▸ **Goal of the exercise**: Your answer should reproduce every line of the material in which the word "with" occurs.

▸ **Provided records**:
(* Let $r\ge 1$, $n$ be integers and let $\sigma,\sigma':\mathbb{Z}_n\to\{0,1\}$ be configurations with $\mathrm{maj}_r(\sigma)=\sigma'$. If $i\in\mathbb{Z}_n$ satisfies $\sigma'(i)\ne\sigma'(i+1)$, then $\#_0(\sigma[[i-r+1,i+r]])=\#_1(\sigma[[i-r+1,i+r]])$, where $[i-r+1,i+r]=\Gamma_r(i)\cap\Gamma_r(i+1)$.
   Context: Cells are elements of $\mathbb{Z}_n$, arithmetic mod $n$; $[a,b]$ denotes the cyclic interval $a,a+1,\dots,b$ and $\Gamma_r(i)=[i-r,i+r]$. For a configuration $\sigma$ and $\beta\in\{0,1\}$, $\#_\beta(\sigma[I])$ counts cells $\ell\in I$ with $\sigma(\ell)=\beta$. The majority rule with radius $r$: $\mathrm{maj}_r(\sigma)(i)=0$ if $\#_0(\sigma[\Gamma_r(i)])>\#_1(\sigma[\Gamma_r(i)])$ and $=1$ otherwise. *)

theory Defs
  imports Main
begin

text \<open>Cells of Z_n are represented by the integers 0..n-1; a configuration is a
function int \<Rightarrow> nat whose values on the cells lie in {0,1}.\<close>

definition cells :: "int \<Rightarrow> int set" where
  "cells n = {0..<n}"

definition cyc_interval :: "int \<Rightarrow> int \<Rightarrow> int \<Rightarrow> int set" where
  "cyc_interval n a b = (\<lambda>l. l mod n) ` {a..b}"

definition Gamma :: "int \<Rightarrow> int \<Rightarrow> int \<Rightarrow> int set" where
  "Gamma n r i = cyc_interval n (i - r) (i + r)"

definition cnt :: "nat \<Rightarrow> (int \<Rightarrow> nat) \<Rightarrow> int set \<Rightarrow> nat" where
  "cnt \<beta> \<sigma> I = card {l \<in> I. \<sigma> l = \<beta>}"

definition is_config :: "int \<Rightarrow> (int \<Rightarrow> nat) \<Rightarrow> bool" where
  "is_config n \<sigma> \<longleftrightarrow> (\<forall>i \<in> cells n. \<sigma> i \<in> {0, 1})"

definition maj :: "int \<Rightarrow> int \<Rightarrow> (int \<Rightarrow> nat) \<Rightarrow> int \<Rightarrow> nat" where
  "maj n r \<sigma> i = (if cnt 0 \<sigma> (Gamma n r i) > cnt 1 \<sigma> (Gamma n r i) then 0 else 1)"

end

theory Submission
  imports Defs
begin

text \<open>If the windows of i and i + 1 wrap around the whole ring they coincide, so the majority
  cannot change. Otherwise both windows consist of the common part
  I = [i - r + 1, i + r] of 2r cells plus one extra cell. Since |I| is even, an unbalanced I
  has a majority margin of at least 2, which a single extra cell cannot overturn; so the
  majority values at i and i + 1 would agree.\<close>

lemma cyc_interval_eq_cells:
  assumes "n \<ge> 1" "b - a + 1 \<ge> n"
  shows "cyc_interval n a b = cells n"
proof
  show "cyc_interval n a b \<subseteq> cells n"
    using assms by (auto simp: cyc_interval_def cells_def)
  show "cells n \<subseteq> cyc_interval n a b"
  proof
    fix k assume k: "k \<in> cells n"
    define l where "l = a + (k - a) mod n"
    have "0 \<le> (k - a) mod n" "(k - a) mod n < n"
      using assms(1) by simp_all
    then have "l \<in> {a..b}"
      using assms(2) unfolding l_def by simp
    moreover have "l mod n = k"
      using k unfolding l_def cells_def by (simp add: mod_add_right_eq)
    ultimately show "k \<in> cyc_interval n a b"
      unfolding cyc_interval_def by force
  qed
qed

lemma inj_on_mod_interval:
  fixes a b n :: int
  assumes "b - a < n"
  shows "inj_on (\<lambda>l. l mod n) {a..b}"
proof
  fix x y assume xy: "x \<in> {a..b}" "y \<in> {a..b}" "x mod n = y mod n"
  then obtain k where k: "x - y = n * k"
    by (metis dvd_def mod_eq_dvd_iff)
  have "n > 0"
    using xy(1) assms by simp
  moreover have "\<bar>n * k\<bar> < n"
    using xy assms k by auto
  ultimately have "\<bar>k\<bar> < 1"
    by (simp add: abs_mult)
  then have "k = 0"
    by simp
  then show "x = y"
    using k by simp
qed

lemma card_cyc_interval:
  assumes "b - a < n"
  shows "card (cyc_interval n a b) = nat (b - a + 1)"
  unfolding cyc_interval_def using inj_on_mod_interval[OF assms] by (simp add: card_image)

lemma cyc_interval_insert_left:
  assumes "a \<le> b" "b - a < n"
  shows "cyc_interval n a b = insert (a mod n) (cyc_interval n (a + 1) b)"
    and "a mod n \<notin> cyc_interval n (a + 1) b"
proof -
  have "{a..b} = insert a {a + 1..b}"
    using assms(1) by auto
  then show "cyc_interval n a b = insert (a mod n) (cyc_interval n (a + 1) b)"
    unfolding cyc_interval_def by simp
  show "a mod n \<notin> cyc_interval n (a + 1) b"
    using inj_on_image_mem_iff[OF inj_on_mod_interval[OF assms(2)], of a "{a + 1..b}"]
      assms(1) unfolding cyc_interval_def by auto
qed

lemma cyc_interval_insert_right:
  assumes "a \<le> b" "b - a < n"
  shows "cyc_interval n a b = insert (b mod n) (cyc_interval n a (b - 1))"
    and "b mod n \<notin> cyc_interval n a (b - 1)"
proof -
  have "{a..b} = insert b {a..b - 1}"
    using assms(1) by auto
  then show "cyc_interval n a b = insert (b mod n) (cyc_interval n a (b - 1))"
    unfolding cyc_interval_def by simp
  show "b mod n \<notin> cyc_interval n a (b - 1)"
    using inj_on_image_mem_iff[OF inj_on_mod_interval[OF assms(2)], of b "{a..b - 1}"]
      assms(1) unfolding cyc_interval_def by auto
qed

lemma cyc_interval_shift:
  "cyc_interval n (a + d) (b + d) = (\<lambda>l. (l + d) mod n) ` {a..b}"
proof -
  have "{a + d..b + d} = (\<lambda>l. l + d) ` {a..b}"
    by (auto simp: image_iff intro!: bexI[where x = "_ - d"])
  then show ?thesis
    unfolding cyc_interval_def by (simp only: image_image)
qed

lemma Gamma_mod: "Gamma n r (i mod n) = Gamma n r i"
proof -
  have "\<And>j. Gamma n r j = (\<lambda>l. (l + j) mod n) ` {-r..r}"
    unfolding Gamma_def using cyc_interval_shift[of n "-r" _ r] by (simp add: add.commute)
  then show ?thesis
    by (simp add: mod_add_right_eq)
qed

lemma Gamma_eq_cells:
  assumes "n \<ge> 1" "n \<le> 2 * r + 1"
  shows "Gamma n r i = cells n"
  unfolding Gamma_def using assms by (simp add: cyc_interval_eq_cells)

lemma Gamma_eq_insert_left:
  assumes "r \<ge> 0" "2 * r < n"
  shows "Gamma n r i = insert ((i - r) mod n) (cyc_interval n (i - r + 1) (i + r))"
    and "(i - r) mod n \<notin> cyc_interval n (i - r + 1) (i + r)"
  using assms cyc_interval_insert_left[of "i - r" "i + r" n] by (simp_all add: Gamma_def)

lemma Gamma_Suc_eq_insert_right:
  assumes "r \<ge> 0" "2 * r < n"
  shows "Gamma n r (i + 1) = insert ((i + r + 1) mod n) (cyc_interval n (i - r + 1) (i + r))"
    and "(i + r + 1) mod n \<notin> cyc_interval n (i - r + 1) (i + r)"
  using assms cyc_interval_insert_right[of "i - r + 1" "i + r + 1" n]
  by (simp_all add: Gamma_def algebra_simps)

lemma cnt_insert:
  assumes "finite I" "x \<notin> I"
  shows "cnt \<beta> \<sigma> (insert x I) = cnt \<beta> \<sigma> I + (if \<sigma> x = \<beta> then 1 else 0)"
proof -
  have "{l \<in> insert x I. \<sigma> l = \<beta>}
      = (if \<sigma> x = \<beta> then insert x {l \<in> I. \<sigma> l = \<beta>} else {l \<in> I. \<sigma> l = \<beta>})"
    by auto
  then show ?thesis
    using assms unfolding cnt_def by simp
qed

lemma cnt_0_add_cnt_1:
  assumes "finite I" "\<forall>l \<in> I. \<sigma> l \<in> {0, 1}"
  shows "cnt 0 \<sigma> I + cnt 1 \<sigma> I = card I"
proof -
  have "I = {l \<in> I. \<sigma> l = 0} \<union> {l \<in> I. \<sigma> l = 1}"
    using assms(2) by auto
  also have "card \<dots> = card {l \<in> I. \<sigma> l = 0} + card {l \<in> I. \<sigma> l = 1}"
    using assms(1) by (intro card_Un_disjoint) auto
  finally show ?thesis
    unfolding cnt_def ..
qed

lemma less_add_bits_iff:
  fixes a b x y :: nat
  assumes "even (a + b)" "a \<noteq> b" "x \<le> 1" "y \<le> 1"
  shows "b + y < a + x \<longleftrightarrow> b < a"
proof -
  have "a \<noteq> b + 1" "b \<noteq> a + 1"
    using assms(1) by auto
  then show ?thesis
    using assms(2-4) by linarith
qed

lemma majority_insert_unbalanced:
  assumes "finite I" "p \<notin> I" "\<forall>l \<in> I. \<sigma> l \<in> {0, 1}" "even (card I)"
    and "cnt 0 \<sigma> I \<noteq> cnt 1 \<sigma> I"
  shows "cnt 1 \<sigma> (insert p I) < cnt 0 \<sigma> (insert p I) \<longleftrightarrow> cnt 1 \<sigma> I < cnt 0 \<sigma> I"
proof -
  have "even (cnt 0 \<sigma> I + cnt 1 \<sigma> I)"
    using assms(4) by (simp only: cnt_0_add_cnt_1[OF assms(1,3)])
  from less_add_bits_iff[OF this assms(5)] show ?thesis
    unfolding cnt_insert[OF assms(1,2)] by simp
qed

lemma maj_Suc_eq_if_overlap_unbalanced:
  fixes n r i :: int and I :: "int set"
  defines "I \<equiv> cyc_interval n (i - r + 1) (i + r)"
  assumes "r \<ge> 0" "2 * r < n" "\<forall>l \<in> I. \<sigma> l \<in> {0, 1}"
    and "cnt 0 \<sigma> I \<noteq> cnt 1 \<sigma> I"
  shows "maj n r \<sigma> (i + 1) = maj n r \<sigma> i"
proof -
  have "finite I"
    by (simp add: I_def cyc_interval_def)
  moreover have "even (card I)"
    using assms(2,3) by (simp add: I_def card_cyc_interval nat_mult_distrib)
  ultimately have stable: "\<And>p. p \<notin> I \<Longrightarrow>
      cnt 1 \<sigma> (insert p I) < cnt 0 \<sigma> (insert p I) \<longleftrightarrow> cnt 1 \<sigma> I < cnt 0 \<sigma> I"
    using majority_insert_unbalanced assms(4,5) by blast
  note window_i = Gamma_eq_insert_left[OF assms(2,3), of i, folded I_def]
    and window_Suc_i = Gamma_Suc_eq_insert_right[OF assms(2,3), of i, folded I_def]
  show ?thesis
    unfolding maj_def window_i(1) window_Suc_i(1)
      stable[OF window_i(2)] stable[OF window_Suc_i(2)] ..
qed

theorem claim2:
  fixes n r :: int and \<sigma> \<sigma>' :: "int \<Rightarrow> nat" and i :: int
  assumes "r \<ge> 1" and "n \<ge> 1"
    and "is_config n \<sigma>" and "is_config n \<sigma>'"
    and "\<forall>j \<in> cells n. \<sigma>' j = maj n r \<sigma> j"
    and "i \<in> cells n"
    and "\<sigma>' i \<noteq> \<sigma>' ((i + 1) mod n)"
  shows "cnt 0 \<sigma> (cyc_interval n (i - r + 1) (i + r))
       = cnt 1 \<sigma> (cyc_interval n (i - r + 1) (i + r))"
proof (rule ccontr)
  define I where "I = cyc_interval n (i - r + 1) (i + r)"
  assume unbalanced: "cnt 0 \<sigma> I \<noteq> cnt 1 \<sigma> I"
  have "(i + 1) mod n \<in> cells n"
    using assms(2) by (simp add: cells_def)
  then have "maj n r \<sigma> (i + 1) \<noteq> maj n r \<sigma> i"
    using assms(5-7) Gamma_mod[of n r "i + 1"] by (simp add: maj_def)
  moreover have "maj n r \<sigma> (i + 1) = maj n r \<sigma> i"
  proof (cases "2 * r < n")
    case True
    have "\<forall>l \<in> I. \<sigma> l \<in> {0, 1}"
      using assms(2,3) by (auto simp: I_def cyc_interval_def is_config_def cells_def)
    with True show ?thesis
      using assms(1) unbalanced unfolding I_def by (simp add: maj_Suc_eq_if_overlap_unbalanced)
  next
    case False
    then show ?thesis
      using assms(2) by (simp add: maj_def Gamma_eq_cells)
  qed
  ultimately show False
    by simp
qed

end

▸ **Result for this task**:
(* Let $r\ge 1$, $n$ be integers and let $\sigma,\sigma':\mathbb{Z}_n\to\{0,1\}$ be configurations with $\mathrm{maj}_r(\sigma)=\sigma'$. If $i\in\mathbb{Z}_n$ satisfies $\sigma'(i)\ne\sigma'(i+1)$, then $\#_0(\sigma[[i-r+1,i+r]])=\#_1(\sigma[[i-r+1,i+r]])$, where $[i-r+1,i+r]=\Gamma_r(i)\cap\Gamma_r(i+1)$.
   Context: Cells are elements of $\mathbb{Z}_n$, arithmetic mod $n$; $[a,b]$ denotes the cyclic interval $a,a+1,\dots,b$ and $\Gamma_r(i)=[i-r,i+r]$. For a configuration $\sigma$ and $\beta\in\{0,1\}$, $\#_\beta(\sigma[I])$ counts cells $\ell\in I$ with $\sigma(\ell)=\beta$. The majority rule with radius $r$: $\mathrm{maj}_r(\sigma)(i)=0$ if $\#_0(\sigma[\Gamma_r(i)])>\#_1(\sigma[\Gamma_r(i)])$ and $=1$ otherwise. *)
    with True show ?thesis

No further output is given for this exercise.